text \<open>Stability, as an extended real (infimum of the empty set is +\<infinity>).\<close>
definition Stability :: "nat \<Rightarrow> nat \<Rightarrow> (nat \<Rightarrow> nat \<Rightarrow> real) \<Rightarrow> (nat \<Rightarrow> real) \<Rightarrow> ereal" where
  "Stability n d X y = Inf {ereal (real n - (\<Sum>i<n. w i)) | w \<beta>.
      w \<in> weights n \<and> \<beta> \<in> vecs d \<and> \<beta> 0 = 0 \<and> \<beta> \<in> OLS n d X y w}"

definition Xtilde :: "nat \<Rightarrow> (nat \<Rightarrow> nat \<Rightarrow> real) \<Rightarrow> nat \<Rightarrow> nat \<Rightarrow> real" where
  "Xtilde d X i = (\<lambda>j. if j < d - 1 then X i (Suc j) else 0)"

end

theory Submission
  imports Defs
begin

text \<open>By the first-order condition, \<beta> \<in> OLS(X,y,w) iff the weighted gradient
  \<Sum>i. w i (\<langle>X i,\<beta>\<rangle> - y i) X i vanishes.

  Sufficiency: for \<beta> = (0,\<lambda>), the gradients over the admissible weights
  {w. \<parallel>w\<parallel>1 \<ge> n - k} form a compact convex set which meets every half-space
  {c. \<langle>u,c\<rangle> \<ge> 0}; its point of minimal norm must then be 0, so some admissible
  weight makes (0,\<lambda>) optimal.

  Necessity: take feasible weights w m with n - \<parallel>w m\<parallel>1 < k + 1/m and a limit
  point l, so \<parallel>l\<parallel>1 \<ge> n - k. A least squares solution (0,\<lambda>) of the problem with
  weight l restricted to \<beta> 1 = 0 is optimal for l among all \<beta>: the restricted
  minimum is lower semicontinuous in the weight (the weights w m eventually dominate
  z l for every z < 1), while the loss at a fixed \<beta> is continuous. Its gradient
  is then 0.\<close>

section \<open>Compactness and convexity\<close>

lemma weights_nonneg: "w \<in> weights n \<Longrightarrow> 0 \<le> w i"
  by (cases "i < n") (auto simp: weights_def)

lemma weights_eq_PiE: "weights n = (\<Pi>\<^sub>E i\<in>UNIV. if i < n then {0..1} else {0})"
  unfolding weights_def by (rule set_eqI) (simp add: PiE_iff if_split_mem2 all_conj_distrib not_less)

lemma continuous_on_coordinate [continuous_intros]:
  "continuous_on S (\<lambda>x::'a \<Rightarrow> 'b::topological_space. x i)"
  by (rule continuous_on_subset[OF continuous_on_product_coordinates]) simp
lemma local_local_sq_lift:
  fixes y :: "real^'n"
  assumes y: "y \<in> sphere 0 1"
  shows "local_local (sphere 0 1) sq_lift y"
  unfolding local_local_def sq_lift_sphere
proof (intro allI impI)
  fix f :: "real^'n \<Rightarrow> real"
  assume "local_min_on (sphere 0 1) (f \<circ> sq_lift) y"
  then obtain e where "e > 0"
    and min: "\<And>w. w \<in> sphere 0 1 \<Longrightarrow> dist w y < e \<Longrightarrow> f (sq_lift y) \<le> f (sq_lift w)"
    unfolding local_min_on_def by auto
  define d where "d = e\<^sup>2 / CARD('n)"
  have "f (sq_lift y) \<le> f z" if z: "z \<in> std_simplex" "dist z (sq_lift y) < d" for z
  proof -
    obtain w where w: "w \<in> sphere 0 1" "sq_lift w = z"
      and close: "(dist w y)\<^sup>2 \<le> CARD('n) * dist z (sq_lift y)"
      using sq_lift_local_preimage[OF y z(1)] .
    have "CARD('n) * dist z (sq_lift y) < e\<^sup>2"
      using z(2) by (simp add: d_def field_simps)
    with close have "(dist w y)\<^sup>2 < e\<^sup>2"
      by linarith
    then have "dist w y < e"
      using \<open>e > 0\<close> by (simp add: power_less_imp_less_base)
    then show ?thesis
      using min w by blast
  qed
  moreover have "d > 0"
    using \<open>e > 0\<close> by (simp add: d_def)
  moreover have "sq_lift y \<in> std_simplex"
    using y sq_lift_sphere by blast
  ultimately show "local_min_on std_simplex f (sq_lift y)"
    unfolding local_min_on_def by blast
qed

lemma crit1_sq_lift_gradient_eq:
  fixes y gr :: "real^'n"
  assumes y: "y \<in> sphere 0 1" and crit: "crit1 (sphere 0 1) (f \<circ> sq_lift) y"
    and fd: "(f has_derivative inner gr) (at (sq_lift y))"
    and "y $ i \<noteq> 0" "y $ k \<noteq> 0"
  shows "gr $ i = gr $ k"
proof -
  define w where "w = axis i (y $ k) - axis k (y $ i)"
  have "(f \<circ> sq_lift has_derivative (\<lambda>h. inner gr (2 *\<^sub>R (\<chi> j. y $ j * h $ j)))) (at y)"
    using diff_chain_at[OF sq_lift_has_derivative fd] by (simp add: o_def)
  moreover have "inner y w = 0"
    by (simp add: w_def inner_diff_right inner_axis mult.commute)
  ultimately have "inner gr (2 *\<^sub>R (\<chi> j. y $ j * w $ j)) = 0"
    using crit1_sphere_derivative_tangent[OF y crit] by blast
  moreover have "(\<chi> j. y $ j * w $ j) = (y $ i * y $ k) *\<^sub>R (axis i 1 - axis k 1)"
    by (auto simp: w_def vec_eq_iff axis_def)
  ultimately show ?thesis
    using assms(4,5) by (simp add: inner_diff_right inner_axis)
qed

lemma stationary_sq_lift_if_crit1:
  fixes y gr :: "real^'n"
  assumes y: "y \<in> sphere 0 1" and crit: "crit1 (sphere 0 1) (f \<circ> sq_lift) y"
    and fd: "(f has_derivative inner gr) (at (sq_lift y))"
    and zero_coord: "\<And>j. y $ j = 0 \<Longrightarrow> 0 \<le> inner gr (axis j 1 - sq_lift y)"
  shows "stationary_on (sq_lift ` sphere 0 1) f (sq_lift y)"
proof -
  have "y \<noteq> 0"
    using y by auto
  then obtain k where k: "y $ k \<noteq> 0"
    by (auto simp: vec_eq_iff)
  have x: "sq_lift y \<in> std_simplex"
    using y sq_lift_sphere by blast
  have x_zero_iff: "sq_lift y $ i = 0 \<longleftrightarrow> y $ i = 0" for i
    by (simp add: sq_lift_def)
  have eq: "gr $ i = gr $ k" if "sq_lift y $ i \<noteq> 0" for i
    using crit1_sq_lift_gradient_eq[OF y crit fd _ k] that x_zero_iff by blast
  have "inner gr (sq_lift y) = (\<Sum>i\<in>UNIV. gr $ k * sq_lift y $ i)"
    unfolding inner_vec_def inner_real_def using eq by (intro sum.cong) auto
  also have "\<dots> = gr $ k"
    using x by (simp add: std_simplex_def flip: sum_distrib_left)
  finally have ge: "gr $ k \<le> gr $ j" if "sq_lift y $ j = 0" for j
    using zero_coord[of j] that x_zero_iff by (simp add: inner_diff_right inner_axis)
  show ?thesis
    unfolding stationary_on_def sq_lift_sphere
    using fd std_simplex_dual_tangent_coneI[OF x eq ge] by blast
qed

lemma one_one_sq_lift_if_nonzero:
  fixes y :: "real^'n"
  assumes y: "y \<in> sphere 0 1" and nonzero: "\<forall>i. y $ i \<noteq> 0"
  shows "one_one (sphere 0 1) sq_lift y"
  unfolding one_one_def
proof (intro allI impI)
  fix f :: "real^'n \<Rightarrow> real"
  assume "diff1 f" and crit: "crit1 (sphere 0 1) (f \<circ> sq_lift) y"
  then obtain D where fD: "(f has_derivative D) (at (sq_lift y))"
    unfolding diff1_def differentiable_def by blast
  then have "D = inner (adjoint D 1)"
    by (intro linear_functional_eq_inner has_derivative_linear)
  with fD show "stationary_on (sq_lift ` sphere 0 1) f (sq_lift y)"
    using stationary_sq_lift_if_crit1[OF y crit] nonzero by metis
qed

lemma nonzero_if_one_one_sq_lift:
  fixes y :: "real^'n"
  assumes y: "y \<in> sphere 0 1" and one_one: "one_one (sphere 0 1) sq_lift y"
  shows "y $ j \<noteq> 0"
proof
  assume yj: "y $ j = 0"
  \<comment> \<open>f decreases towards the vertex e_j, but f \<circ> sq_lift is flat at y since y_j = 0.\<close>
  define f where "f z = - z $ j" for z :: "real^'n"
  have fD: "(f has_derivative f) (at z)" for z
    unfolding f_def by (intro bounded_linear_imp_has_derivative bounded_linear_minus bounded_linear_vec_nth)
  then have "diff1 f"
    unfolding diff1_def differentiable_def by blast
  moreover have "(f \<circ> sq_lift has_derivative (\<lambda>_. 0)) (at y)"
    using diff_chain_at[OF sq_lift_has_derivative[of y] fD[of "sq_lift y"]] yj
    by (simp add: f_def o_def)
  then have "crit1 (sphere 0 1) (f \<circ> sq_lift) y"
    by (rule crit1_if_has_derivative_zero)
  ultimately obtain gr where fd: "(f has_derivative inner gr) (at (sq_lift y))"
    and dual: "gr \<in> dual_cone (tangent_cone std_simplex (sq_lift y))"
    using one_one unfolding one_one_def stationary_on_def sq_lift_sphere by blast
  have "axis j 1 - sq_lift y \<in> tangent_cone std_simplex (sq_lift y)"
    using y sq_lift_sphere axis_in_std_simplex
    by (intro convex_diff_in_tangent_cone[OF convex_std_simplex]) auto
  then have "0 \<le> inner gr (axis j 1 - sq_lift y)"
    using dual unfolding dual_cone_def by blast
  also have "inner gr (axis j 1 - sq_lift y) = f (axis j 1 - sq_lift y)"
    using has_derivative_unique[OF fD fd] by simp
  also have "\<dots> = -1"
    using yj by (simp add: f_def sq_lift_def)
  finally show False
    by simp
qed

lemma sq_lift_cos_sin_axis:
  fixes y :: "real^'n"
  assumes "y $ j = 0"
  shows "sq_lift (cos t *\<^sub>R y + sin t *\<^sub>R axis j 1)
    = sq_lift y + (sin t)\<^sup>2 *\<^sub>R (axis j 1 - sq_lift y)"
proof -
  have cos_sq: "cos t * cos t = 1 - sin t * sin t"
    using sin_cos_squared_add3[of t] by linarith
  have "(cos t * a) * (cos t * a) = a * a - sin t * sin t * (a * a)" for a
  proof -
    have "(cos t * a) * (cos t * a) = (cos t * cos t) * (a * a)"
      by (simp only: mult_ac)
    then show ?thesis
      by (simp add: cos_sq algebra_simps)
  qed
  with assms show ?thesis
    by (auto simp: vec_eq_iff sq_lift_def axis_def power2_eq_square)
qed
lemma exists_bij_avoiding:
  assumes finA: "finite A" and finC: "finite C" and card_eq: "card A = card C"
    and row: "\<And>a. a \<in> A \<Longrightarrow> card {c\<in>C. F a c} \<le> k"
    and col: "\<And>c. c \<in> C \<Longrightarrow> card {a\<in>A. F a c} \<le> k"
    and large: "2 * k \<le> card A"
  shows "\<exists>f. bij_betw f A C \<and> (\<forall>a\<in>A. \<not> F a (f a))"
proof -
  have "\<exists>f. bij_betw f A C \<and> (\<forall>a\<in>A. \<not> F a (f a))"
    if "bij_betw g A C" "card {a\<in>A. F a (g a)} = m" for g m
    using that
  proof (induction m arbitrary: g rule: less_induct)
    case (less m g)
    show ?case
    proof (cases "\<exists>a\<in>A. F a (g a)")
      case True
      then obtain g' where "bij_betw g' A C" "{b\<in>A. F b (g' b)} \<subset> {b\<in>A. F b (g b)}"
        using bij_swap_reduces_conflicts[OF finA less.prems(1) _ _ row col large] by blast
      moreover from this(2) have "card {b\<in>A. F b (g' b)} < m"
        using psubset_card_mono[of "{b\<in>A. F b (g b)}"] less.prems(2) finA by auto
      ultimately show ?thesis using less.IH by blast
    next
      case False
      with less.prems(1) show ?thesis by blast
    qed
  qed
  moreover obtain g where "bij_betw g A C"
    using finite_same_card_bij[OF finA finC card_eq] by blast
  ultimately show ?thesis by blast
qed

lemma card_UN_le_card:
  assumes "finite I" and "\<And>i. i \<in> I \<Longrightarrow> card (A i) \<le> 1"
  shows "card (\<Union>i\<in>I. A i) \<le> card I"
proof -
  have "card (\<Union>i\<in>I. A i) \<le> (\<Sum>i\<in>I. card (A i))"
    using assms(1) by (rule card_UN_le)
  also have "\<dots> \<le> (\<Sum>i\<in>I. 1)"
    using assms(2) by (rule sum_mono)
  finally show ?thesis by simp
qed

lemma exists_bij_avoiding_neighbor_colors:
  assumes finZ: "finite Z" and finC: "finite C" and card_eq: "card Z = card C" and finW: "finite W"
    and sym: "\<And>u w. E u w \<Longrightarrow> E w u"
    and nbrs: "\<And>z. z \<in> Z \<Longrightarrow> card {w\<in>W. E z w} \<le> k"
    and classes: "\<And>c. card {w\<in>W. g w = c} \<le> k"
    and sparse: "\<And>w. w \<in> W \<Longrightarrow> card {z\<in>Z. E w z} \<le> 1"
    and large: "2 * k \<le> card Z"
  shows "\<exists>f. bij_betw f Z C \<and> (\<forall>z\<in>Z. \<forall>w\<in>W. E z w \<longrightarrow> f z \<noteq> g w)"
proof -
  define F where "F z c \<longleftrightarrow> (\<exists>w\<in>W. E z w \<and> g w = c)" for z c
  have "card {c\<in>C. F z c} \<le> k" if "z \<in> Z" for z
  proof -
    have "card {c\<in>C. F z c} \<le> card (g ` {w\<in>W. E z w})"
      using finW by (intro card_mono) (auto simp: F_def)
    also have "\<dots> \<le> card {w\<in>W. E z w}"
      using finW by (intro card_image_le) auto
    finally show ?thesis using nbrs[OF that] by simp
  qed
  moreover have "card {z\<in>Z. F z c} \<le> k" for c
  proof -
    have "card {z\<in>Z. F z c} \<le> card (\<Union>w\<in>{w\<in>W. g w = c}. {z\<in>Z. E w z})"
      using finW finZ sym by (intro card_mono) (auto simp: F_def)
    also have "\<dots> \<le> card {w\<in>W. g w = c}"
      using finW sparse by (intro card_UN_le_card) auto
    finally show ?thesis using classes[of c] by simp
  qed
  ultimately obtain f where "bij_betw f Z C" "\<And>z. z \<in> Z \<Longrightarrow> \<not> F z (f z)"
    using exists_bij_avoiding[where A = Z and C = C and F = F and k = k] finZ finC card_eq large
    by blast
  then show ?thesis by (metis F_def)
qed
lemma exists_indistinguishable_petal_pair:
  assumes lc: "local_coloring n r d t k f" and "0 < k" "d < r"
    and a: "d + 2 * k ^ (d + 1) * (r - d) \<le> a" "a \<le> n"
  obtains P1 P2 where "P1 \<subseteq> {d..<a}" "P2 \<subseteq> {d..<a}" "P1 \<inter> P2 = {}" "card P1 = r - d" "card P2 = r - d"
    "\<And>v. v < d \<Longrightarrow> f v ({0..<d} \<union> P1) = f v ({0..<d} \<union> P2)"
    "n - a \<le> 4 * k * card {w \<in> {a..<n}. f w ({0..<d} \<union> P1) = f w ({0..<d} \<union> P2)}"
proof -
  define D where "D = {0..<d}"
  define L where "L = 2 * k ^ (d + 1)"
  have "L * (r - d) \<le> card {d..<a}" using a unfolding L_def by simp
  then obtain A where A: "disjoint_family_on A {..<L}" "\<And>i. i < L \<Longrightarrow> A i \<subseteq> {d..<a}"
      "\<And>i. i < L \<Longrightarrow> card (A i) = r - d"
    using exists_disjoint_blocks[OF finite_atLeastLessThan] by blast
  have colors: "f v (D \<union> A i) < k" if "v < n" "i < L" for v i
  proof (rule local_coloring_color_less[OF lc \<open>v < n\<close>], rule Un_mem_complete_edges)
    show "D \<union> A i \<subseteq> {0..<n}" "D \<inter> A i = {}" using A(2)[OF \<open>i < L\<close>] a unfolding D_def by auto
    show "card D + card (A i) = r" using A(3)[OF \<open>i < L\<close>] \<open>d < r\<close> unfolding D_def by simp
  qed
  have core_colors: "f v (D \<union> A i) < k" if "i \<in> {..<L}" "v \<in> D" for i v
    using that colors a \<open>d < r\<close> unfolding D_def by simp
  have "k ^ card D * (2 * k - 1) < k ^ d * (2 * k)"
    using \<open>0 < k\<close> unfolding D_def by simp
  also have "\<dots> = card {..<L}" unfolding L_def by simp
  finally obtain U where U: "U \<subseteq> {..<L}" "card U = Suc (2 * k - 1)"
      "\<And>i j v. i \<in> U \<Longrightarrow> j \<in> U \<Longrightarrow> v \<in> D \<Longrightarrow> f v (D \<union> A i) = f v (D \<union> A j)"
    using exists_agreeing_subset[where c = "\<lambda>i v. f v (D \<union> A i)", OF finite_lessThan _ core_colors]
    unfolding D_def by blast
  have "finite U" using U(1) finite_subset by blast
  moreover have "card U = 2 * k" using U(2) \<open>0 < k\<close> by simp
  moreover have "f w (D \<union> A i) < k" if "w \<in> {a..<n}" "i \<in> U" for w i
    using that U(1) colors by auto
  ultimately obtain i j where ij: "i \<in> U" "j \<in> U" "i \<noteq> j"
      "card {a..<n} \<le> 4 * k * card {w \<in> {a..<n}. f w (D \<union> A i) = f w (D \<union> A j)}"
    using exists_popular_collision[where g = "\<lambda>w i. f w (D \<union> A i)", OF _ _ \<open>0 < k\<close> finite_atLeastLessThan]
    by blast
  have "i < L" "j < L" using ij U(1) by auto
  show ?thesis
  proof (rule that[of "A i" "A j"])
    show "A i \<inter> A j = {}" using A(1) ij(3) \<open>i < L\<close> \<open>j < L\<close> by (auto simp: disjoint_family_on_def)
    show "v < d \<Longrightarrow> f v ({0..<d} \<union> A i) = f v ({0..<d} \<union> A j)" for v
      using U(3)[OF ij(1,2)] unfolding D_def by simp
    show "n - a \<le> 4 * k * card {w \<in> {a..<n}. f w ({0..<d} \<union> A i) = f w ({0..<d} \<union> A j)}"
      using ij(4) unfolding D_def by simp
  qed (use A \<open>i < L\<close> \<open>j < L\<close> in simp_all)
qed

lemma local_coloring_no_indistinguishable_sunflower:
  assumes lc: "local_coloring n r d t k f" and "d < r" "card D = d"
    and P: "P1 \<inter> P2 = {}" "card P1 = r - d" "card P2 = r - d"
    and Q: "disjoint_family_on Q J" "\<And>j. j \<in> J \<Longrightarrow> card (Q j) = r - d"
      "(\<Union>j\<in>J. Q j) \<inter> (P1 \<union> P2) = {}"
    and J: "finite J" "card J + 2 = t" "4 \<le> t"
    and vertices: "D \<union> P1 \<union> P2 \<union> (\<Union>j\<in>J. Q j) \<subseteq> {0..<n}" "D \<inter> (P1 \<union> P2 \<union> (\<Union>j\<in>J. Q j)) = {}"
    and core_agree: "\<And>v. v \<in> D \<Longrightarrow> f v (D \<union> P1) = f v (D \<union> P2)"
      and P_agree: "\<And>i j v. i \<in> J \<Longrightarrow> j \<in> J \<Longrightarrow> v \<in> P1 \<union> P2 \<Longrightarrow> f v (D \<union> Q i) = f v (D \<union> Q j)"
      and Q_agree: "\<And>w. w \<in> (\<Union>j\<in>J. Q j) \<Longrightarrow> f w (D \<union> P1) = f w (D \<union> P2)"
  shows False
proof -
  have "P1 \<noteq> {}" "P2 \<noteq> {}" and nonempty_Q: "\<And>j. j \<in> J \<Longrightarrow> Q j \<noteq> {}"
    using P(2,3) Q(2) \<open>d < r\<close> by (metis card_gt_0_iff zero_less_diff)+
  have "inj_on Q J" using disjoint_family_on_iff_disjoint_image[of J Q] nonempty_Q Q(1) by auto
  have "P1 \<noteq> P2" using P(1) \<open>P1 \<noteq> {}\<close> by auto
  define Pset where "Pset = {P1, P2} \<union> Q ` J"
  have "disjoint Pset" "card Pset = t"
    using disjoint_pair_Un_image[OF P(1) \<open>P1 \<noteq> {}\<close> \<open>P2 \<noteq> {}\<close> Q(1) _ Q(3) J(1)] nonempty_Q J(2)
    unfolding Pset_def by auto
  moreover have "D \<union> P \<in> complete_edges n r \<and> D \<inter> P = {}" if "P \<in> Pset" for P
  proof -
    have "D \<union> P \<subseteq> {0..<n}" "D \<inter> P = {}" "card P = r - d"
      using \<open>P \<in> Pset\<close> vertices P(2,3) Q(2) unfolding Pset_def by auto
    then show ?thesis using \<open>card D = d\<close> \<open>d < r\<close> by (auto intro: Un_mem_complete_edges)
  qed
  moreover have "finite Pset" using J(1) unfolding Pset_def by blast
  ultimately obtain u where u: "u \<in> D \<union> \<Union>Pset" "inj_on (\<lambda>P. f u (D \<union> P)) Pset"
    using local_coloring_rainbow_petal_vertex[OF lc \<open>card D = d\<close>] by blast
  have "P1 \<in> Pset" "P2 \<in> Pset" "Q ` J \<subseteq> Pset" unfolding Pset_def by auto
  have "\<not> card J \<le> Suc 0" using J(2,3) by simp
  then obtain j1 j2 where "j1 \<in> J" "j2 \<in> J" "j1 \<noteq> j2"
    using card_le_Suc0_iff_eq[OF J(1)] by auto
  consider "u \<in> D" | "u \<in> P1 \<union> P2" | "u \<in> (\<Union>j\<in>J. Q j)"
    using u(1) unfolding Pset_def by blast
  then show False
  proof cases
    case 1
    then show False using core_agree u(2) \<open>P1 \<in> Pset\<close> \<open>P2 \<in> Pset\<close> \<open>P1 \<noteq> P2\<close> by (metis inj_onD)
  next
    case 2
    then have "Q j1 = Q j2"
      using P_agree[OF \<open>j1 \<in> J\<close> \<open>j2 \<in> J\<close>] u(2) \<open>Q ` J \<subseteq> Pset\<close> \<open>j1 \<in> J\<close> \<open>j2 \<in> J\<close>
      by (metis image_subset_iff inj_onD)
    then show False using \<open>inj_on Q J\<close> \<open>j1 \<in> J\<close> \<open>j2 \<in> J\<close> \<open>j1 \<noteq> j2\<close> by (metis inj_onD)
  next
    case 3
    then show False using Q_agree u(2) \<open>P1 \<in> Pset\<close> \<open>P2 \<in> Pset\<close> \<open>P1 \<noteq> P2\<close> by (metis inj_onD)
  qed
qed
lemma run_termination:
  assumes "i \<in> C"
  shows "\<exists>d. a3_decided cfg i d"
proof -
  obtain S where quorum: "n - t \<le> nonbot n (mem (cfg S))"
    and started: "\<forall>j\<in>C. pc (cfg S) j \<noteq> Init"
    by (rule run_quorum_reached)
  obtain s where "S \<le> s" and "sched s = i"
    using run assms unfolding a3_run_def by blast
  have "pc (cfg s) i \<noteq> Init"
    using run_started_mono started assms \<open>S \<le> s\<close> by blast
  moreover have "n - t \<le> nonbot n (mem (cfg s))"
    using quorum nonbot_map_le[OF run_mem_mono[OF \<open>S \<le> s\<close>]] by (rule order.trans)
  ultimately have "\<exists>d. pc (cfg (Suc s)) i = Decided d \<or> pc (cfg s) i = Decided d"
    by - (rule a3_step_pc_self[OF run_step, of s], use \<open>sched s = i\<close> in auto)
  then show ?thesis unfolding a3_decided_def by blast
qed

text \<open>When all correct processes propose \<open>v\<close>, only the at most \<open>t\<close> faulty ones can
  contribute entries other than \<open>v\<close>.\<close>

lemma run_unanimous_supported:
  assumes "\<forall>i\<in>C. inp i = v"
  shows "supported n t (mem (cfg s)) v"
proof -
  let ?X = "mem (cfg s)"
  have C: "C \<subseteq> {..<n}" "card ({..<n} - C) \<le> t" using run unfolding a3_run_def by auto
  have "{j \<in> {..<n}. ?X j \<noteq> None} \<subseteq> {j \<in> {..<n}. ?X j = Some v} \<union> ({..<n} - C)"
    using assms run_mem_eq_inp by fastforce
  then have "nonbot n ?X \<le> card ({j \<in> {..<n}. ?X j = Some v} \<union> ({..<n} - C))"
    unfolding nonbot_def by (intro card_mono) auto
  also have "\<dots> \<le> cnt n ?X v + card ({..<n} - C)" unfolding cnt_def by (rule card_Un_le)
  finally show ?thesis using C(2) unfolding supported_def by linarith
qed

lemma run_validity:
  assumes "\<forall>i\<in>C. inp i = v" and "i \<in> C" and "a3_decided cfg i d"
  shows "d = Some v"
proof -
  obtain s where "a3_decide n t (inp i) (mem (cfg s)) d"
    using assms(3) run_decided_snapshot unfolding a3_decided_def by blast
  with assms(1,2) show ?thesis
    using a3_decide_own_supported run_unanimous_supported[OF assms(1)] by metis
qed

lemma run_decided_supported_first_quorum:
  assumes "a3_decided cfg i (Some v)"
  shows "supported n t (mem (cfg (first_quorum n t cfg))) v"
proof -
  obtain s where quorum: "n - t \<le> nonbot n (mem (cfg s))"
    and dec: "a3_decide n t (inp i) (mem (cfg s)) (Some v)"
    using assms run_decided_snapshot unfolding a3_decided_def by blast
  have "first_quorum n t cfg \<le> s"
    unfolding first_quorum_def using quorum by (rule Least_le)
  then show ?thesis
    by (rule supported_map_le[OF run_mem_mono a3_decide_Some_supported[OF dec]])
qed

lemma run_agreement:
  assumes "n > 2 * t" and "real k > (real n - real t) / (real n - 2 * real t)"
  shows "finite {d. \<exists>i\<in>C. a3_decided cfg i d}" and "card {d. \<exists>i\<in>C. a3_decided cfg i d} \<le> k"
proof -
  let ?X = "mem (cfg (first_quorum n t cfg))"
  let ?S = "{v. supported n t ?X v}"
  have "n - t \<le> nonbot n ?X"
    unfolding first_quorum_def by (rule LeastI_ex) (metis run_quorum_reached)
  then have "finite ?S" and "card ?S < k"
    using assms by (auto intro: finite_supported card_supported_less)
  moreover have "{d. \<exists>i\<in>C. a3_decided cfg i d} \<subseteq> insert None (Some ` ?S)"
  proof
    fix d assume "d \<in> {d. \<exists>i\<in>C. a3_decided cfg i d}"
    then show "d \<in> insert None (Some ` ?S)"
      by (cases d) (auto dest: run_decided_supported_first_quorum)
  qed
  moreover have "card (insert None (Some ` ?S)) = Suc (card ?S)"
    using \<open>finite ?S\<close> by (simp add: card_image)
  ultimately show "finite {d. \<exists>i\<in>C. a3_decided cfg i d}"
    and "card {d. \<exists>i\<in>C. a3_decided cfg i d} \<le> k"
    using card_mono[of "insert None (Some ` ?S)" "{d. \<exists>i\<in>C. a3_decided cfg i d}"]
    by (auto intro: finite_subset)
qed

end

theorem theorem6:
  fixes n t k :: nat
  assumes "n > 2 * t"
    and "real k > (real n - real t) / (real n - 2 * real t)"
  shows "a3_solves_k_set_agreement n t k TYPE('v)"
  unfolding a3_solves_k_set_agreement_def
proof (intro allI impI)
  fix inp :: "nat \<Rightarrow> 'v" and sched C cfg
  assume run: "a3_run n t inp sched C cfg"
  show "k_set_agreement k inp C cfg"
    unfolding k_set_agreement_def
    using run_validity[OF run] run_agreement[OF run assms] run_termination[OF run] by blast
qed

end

• Aim of the task
Your response should be made up of the lines in the data that contain the word "nbrs".

• Response to the task
    and nbrs: "\<And>z. z \<in> Z \<Longrightarrow> card {w\<in>W. E z w} \<le> k"
    finally show ?thesis using nbrs[OF that] by simp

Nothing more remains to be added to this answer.